MANEATER is now available in theaters, digital, and on-demand from Saban Films.
Synopsis: Jesse and her friends’ idyllic island vacation turns into a gruesome nightmare when they become the target of an unrelenting great white shark. Desperate to survive, she teams up with a local sea captain to stop the vicious maneater before it strikes again in this heart-pounding thriller.
I had the privilege of speaking with star Nicky Whelan (Jessie) from the film. Nicky was a blast, and I hope I can talk to her again about her future projects. We spoke about Maneater, of course, and touched upon her work with Rob Zombie, upcoming features, and Halloween traditions in Australia (where she grew up). Check out our conversation below; you’ll be glad you did.
Conversation With Actress Nicky Whelan

Nicky Whelan: Hi, Ryan.
iHorror: Hi, Nicky, how are you?
NW: I am well, thank you, love; how are you?
iH: I am doing good; thank you so much for taking my call today. I have a few questions; first and foremost, I enjoyed the film. I enjoyed the characters, and it was what I was looking for; it fit in well with my weekend watch, and there were many great things about it. The cinematography was gorgeous; it was beautifully shot. A couple of the characters I did care about, especially Captain Wally, I was so upset when the shark ate him. Both of your characters had such good chemistry; I was hoping there would have been something.
NW: I think in the earlier script, there was something that was going to happen with our characters, and I do not know why it didn’t go in that direction; something had changed in the script. To be honest with you, I liked how it didn’t turn into a romantic story, and it came more about the independent vibe that my character got to have and the father/daughter connection that was developed with the Trace Adkins character [Harlan]. So it’s interesting that you say that, yet I like the way we went with the ending because it wasn’t your typical sort of ending; I kinda liked it.

iH: It was different.
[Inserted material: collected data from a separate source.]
lemma is_pinv_orth_projector_mult_vec:
  assumes "v \<in> carrier_vec n"
  shows "(B * A) *\<^sub>v (B *\<^sub>v v) = B *\<^sub>v v"
  using B A is_pinv_carrier assms by (simp add: is_pinv_def assoc_mult_mat_vec_dim[symmetric])

lemma is_pinv_normal_equation:
  assumes b: "b \<in> carrier_vec n"
  shows "(transpose_mat A * A) *\<^sub>v (B *\<^sub>v b) = transpose_mat A *\<^sub>v b"
proof -
  note d = carrier_matD[OF A] carrier_matD[OF is_pinv_carrier]
  have "transpose_mat A * A * B = transpose_mat A * transpose_mat (A * B)"
    using B d by (simp add: is_pinv_def assoc_mult_mat_dim)
  also have "\<dots> = transpose_mat (A * B * A)" using d by (simp add: transpose_mult_dim assoc_mult_mat_dim)
  finally have "transpose_mat A * A * B = transpose_mat A" using B by (simp add: is_pinv_def)
  then show ?thesis using b d by (simp add: assoc_mult_mat_vec_dim[symmetric])
qed

lemma is_pinv_range: "B = transpose_mat A * (transpose_mat B * B)"
proof -
  note d = carrier_matD[OF A] carrier_matD[OF is_pinv_carrier]
  have "B = transpose_mat (B * A) * B" using B by (simp add: is_pinv_def)
  then show ?thesis using d by (simp add: transpose_mult_dim assoc_mult_mat_dim)
qed

lemma is_pinv_mult_vec_in_range:
  assumes "v \<in> carrier_vec n"
  obtains z where "z \<in> carrier_vec n" "B *\<^sub>v v = transpose_mat A *\<^sub>v z"
proof
  show "(transpose_mat B * B) *\<^sub>v v \<in> carrier_vec n" using is_pinv_carrier assms by simp
  show "B *\<^sub>v v = transpose_mat A *\<^sub>v ((transpose_mat B * B) *\<^sub>v v)"
    using is_pinv_carrier A assms
    by (subst is_pinv_range) (simp add: assoc_mult_mat_vec_dim)
qed

lemma is_pinv_normal_equation_unique:
  assumes b: "b \<in> carrier_vec n" and w: "w \<in> carrier_vec n"
    and normal: "(transpose_mat A * A) *\<^sub>v (transpose_mat A *\<^sub>v w) = transpose_mat A *\<^sub>v b"
  shows "B *\<^sub>v b = transpose_mat A *\<^sub>v w"
proof -
  note d = carrier_matD[OF A] carrier_matD[OF is_pinv_carrier]
  have BBtAt: "B * transpose_mat B * transpose_mat A = B"
    using B d by (simp add: is_pinv_def assoc_mult_mat_dim transpose_mult_dim[symmetric])
  have "B * A * transpose_mat A = transpose_mat (B * A) * transpose_mat A" using B by (simp add: is_pinv_def)
  also have "\<dots> = transpose_mat (A * B * A)" using d by (simp add: transpose_mult_dim assoc_mult_mat_dim)
  finally have BAAt: "B * A * transpose_mat A = transpose_mat A" using B by (simp add: is_pinv_def)
  note dv = carrier_vecD[OF b] carrier_vecD[OF w]
  have "B *\<^sub>v b = (B * transpose_mat B) *\<^sub>v ((transpose_mat A * A) *\<^sub>v (transpose_mat A *\<^sub>v w))"
    using BBtAt d dv by (simp add: normal assoc_mult_mat_vec_dim[symmetric])
  also have "\<dots> = (B * transpose_mat B * transpose_mat A * A * transpose_mat A) *\<^sub>v w"
    using d dv by (simp add: assoc_mult_mat_vec_dim assoc_mult_mat_dim)
  also have "\<dots> = transpose_mat A *\<^sub>v w"
    using d BBtAt BAAt by simp
  finally show ?thesis .
qed

end

lemma pinv_snoc_mult_vec:
  fixes xs :: "real vec list" and bs :: "real list"
  assumes xs: "set xs \<subseteq> carrier_vec m" and x: "x \<in> carrier_vec m" and bs: "length bs = length xs"
  defines "A \<equiv> mat_of_rows m xs"
  defines "\<theta> \<equiv> pinv A *\<^sub>v vec_of_list bs" and "p \<equiv> x - (pinv A * A) *\<^sub>v x"
  assumes nz: "x \<bullet> p \<noteq> 0"
  shows "pinv (mat_of_rows m (xs @ [x])) *\<^sub>v vec_of_list (bs @ [\<beta>]) = \<theta> + ((\<beta> - x \<bullet> \<theta>) / (x \<bullet> p)) \<cdot>\<^sub>v p"
proof -
  define n where "n = length xs"
  define t where "t = (\<beta> - x \<bullet> \<theta>) / (x \<bullet> p)"
  define A' where "A' = mat_of_rows m (xs @ [x])"
  have A: "A \<in> carrier_mat n m" and A': "A' \<in> carrier_mat (Suc n) m"
    unfolding A_def A'_def n_def by auto
  have B: "is_pinv A (pinv A)" and B': "is_pinv A' (pinv A')" by (rule pinv_is_pinv)+
  note Bc = is_pinv_carrier[OF A B]
  have b: "vec_of_list bs \<in> carrier_vec n" using bs unfolding n_def by (auto intro: carrier_vecI)
  have \<theta>: "\<theta> \<in> carrier_vec m" and p: "p \<in> carrier_vec m"
    unfolding \<theta>_def p_def using Bc A b x by auto
  obtain z1 where z1: "z1 \<in> carrier_vec n" "\<theta> = transpose_mat A *\<^sub>v z1"
    using is_pinv_mult_vec_in_range[OF A B b] unfolding \<theta>_def by blast
  obtain z2 where z2: "z2 \<in> carrier_vec n" "(pinv A * A) *\<^sub>v x = transpose_mat A *\<^sub>v z2"
    using is_pinv_mult_vec_in_range[OF A B, of "A *\<^sub>v x"] A Bc x by (auto simp: assoc_mult_mat_vec_dim)
  define w where "w = (z1 - t \<cdot>\<^sub>v z2) @\<^sub>v vec_of_list [t]"
  have w: "w \<in> carrier_vec (Suc n)" unfolding w_def using z1 z2 by (auto intro: carrier_vecI)
  have "transpose_mat A' *\<^sub>v w = transpose_mat A *\<^sub>v (z1 - t \<cdot>\<^sub>v z2) + t \<cdot>\<^sub>v x"
    unfolding A'_def A_def w_def
    by (rule transpose_mat_of_rows_snoc_mult_vec) (use xs x z1 z2 in \<open>auto simp: n_def\<close>)
  also have "transpose_mat A *\<^sub>v (z1 - t \<cdot>\<^sub>v z2) = \<theta> - t \<cdot>\<^sub>v ((pinv A * A) *\<^sub>v x)"
    using A z1 z2 by (simp add: mult_minus_distrib_mat_vec[of _ m n] mult_mat_vec[of _ m n])
  finally have range: "transpose_mat A' *\<^sub>v w = \<theta> + t \<cdot>\<^sub>v p"
    using \<theta> x A Bc unfolding p_def by (auto simp: algebra_simps intro!: eq_vecI)
  have P: "orth_projector m (pinv A * A)" by (rule is_pinv_orth_projector[OF A B])
  have "A * (pinv A * A) = A" using B A Bc by (simp add: is_pinv_def assoc_mult_mat_dim)
  then have "A *\<^sub>v p = 0\<^sub>v n" using orth_projector_residual_mult[OF P x A] by (simp add: p_def)
  then have "(transpose_mat A * A) *\<^sub>v p = 0\<^sub>v m" using A p by (auto simp: assoc_mult_mat_vec_dim)
  then have "(transpose_mat A * A) *\<^sub>v (\<theta> + t \<cdot>\<^sub>v p) = transpose_mat A *\<^sub>v vec_of_list bs"
    using is_pinv_normal_equation[OF A B b] A b \<theta> p
    unfolding \<theta>_def by (auto simp: mult_add_distrib_mat_vec[of _ m m] mult_mat_vec[of _ m m])
  moreover have "x \<bullet> (\<theta> + t \<cdot>\<^sub>v p) = \<beta>"
    using x \<theta> p nz unfolding t_def by (simp add: scalar_prod_add_distrib[of _ m])
  ultimately have normal: "(transpose_mat A' * A') *\<^sub>v (\<theta> + t \<cdot>\<^sub>v p) = transpose_mat A' *\<^sub>v vec_of_list (bs @ [\<beta>])"
    using gram_mat_of_rows_snoc_mult_vec[OF xs x, of "\<theta> + t \<cdot>\<^sub>v p"] \<theta> p
      transpose_mat_of_rows_snoc_mult_vec[OF xs x b[unfolded n_def], of \<beta>]
    unfolding A'_def A_def vec_of_list_snoc by simp
  have "pinv A' *\<^sub>v vec_of_list (bs @ [\<beta>]) = transpose_mat A' *\<^sub>v w"
    using bs normal range
    by (intro is_pinv_normal_equation_unique[OF A' B' _ w]) (auto simp: n_def intro: carrier_vecI)
  then show ?thesis using range unfolding A'_def t_def by simp
qed

lemma sqnorm_add_smult_orth:
  assumes u: "u \<in> carrier_vec n" and v: "v \<in> carrier_vec n" and orth: "u \<bullet> v = 0"
  shows "sqnorm (u + t \<cdot>\<^sub>v v) = sqnorm u + t\<^sup>2 * sqnorm v"
proof -
  have "v \<bullet> u = 0" using orth comm_scalar_prod[OF u v] by simp
  then show ?thesis
    using u v orth unfolding sqnorm_def
    by (simp add: scalar_prod_add_distrib[of _ n] add_scalar_prod_distrib[of _ n] power2_eq_square)
qed

theorem theorem3:
  fixes M N :: nat and xs :: "real vec list" and ys :: "real list"
    and x :: "real vec" and y :: real
  assumes len_xs: "length xs = N" and len_ys: "length ys = N"
    and xs_dim: "\<forall>v \<in> set xs. v \<in> carrier_vec M"
    and x_dim: "x \<in> carrier_vec M"
    and perp_nz: "scalar_prod x ((1\<^sub>m M - pinv (mat_of_rows M xs) * mat_of_rows M xs) *\<^sub>v x) \<noteq> 0"
  shows "sqnorm (pinv (mat_of_rows M (xs @ [x])) *\<^sub>v vec_of_list (ys @ [y]))
       = sqnorm (pinv (mat_of_rows M xs) *\<^sub>v vec_of_list ys)
         + (y - scalar_prod x (pinv (mat_of_rows M xs) *\<^sub>v vec_of_list ys)) ^ 2
           / scalar_prod x ((1\<^sub>m M - pinv (mat_of_rows M xs) * mat_of_rows M xs) *\<^sub>v x)"
proof -
  let ?A = "mat_of_rows M xs"
  let ?\<theta> = "pinv ?A *\<^sub>v vec_of_list ys"
  define p where "p = x - (pinv ?A * ?A) *\<^sub>v x"
  have A: "?A \<in> carrier_mat N M" using len_xs by auto
  have xs: "set xs \<subseteq> carrier_vec M" using xs_dim by auto
  have ys: "vec_of_list ys \<in> carrier_vec N" using len_ys by (auto intro: carrier_vecI)
  note B = pinv_is_pinv[of ?A]
  note P = is_pinv_orth_projector[OF A B]
  have p: "p \<in> carrier_vec M" and \<theta>: "?\<theta> \<in> carrier_vec M"
    unfolding p_def using is_pinv_carrier[OF A B] x_dim ys by (auto intro: carrier_vecI)
  have "(1\<^sub>m M - pinv ?A * ?A) *\<^sub>v x = p"
    unfolding p_def using is_pinv_carrier[OF A B] A x_dim by (subst minus_mult_distrib_mat_vec[of _ M M]) auto
  moreover have "x \<bullet> p = p \<bullet> p"
    using orth_projector_residual_scalar_prod[OF P x_dim] unfolding p_def .
  moreover have "?\<theta> \<bullet> p = 0"
    using orth_projector_residual_orth[OF P x_dim \<theta>] is_pinv_orth_projector_mult_vec[OF A B ys]
    unfolding p_def by simp
  ultimately show ?thesis
    using pinv_snoc_mult_vec[OF xs x_dim, of ys y] len_xs len_ys perp_nz
      sqnorm_add_smult_orth[OF \<theta> p] unfolding p_def[symmetric]
    by (simp add: sqnorm_def power_divide power2_eq_square)
qed

end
It was great either way. When you got attached to the project, was it a normal interview, or was there anything special about you getting attached?
NW: You know, I’ve worked with those guys before, and they sent me the script, and I was like, ‘oh my goodness, a shark movie, let’s do this.’ Shark movies are great; they come out all the time and have a huge following. People have either made crazy ridiculous ones or realistic ones; people have a thing for shark movies. I was like, ‘okay, let’s give this a crack,’ and it was in Hawaii, and I am like, ‘yes, please.’
iH: I actually didn’t know that; now it’s usually one hundred percent CGI.
NW: Absolutely, and obviously, we did use a CGI shark throughout the movie, but there are moments where Justin [Lee, Director] wanted to use it, and we were like, ‘okay, let’s do this, it’s gonna drive us all crazy but let’s give it a crack’ [laughs].
iH: Was there anything in particular about the shoot that was challenging or difficult?
NW: The entire production, it was an independent shark movie being made in 18 days with a mechanical shark under pretty crazy conditions. As an entire team, we really went in old school. It was very challenging; the water conditions were full on, and we had limited time and money, so we were proud of the result. I was personally challenged physically on this movie. I wasn’t prepared to do the swimming [laughs]. I was like, ‘oh shit.’ I consider myself sort of fit, but this kicked my ass, and I was exhausted from swimming in the water all day and the ocean. The locals really took care of us, and we felt very safe. The boiling heat and rough water and early starts. It was a lot. Using the mechanical shark and having the puppeteers there, lugging this thing in and out of the water. The camera crew was standing in the water for hours, not knowing what was at their feet; it was no joke; I was scared a few times [shrieks, laughs]. It was full-on.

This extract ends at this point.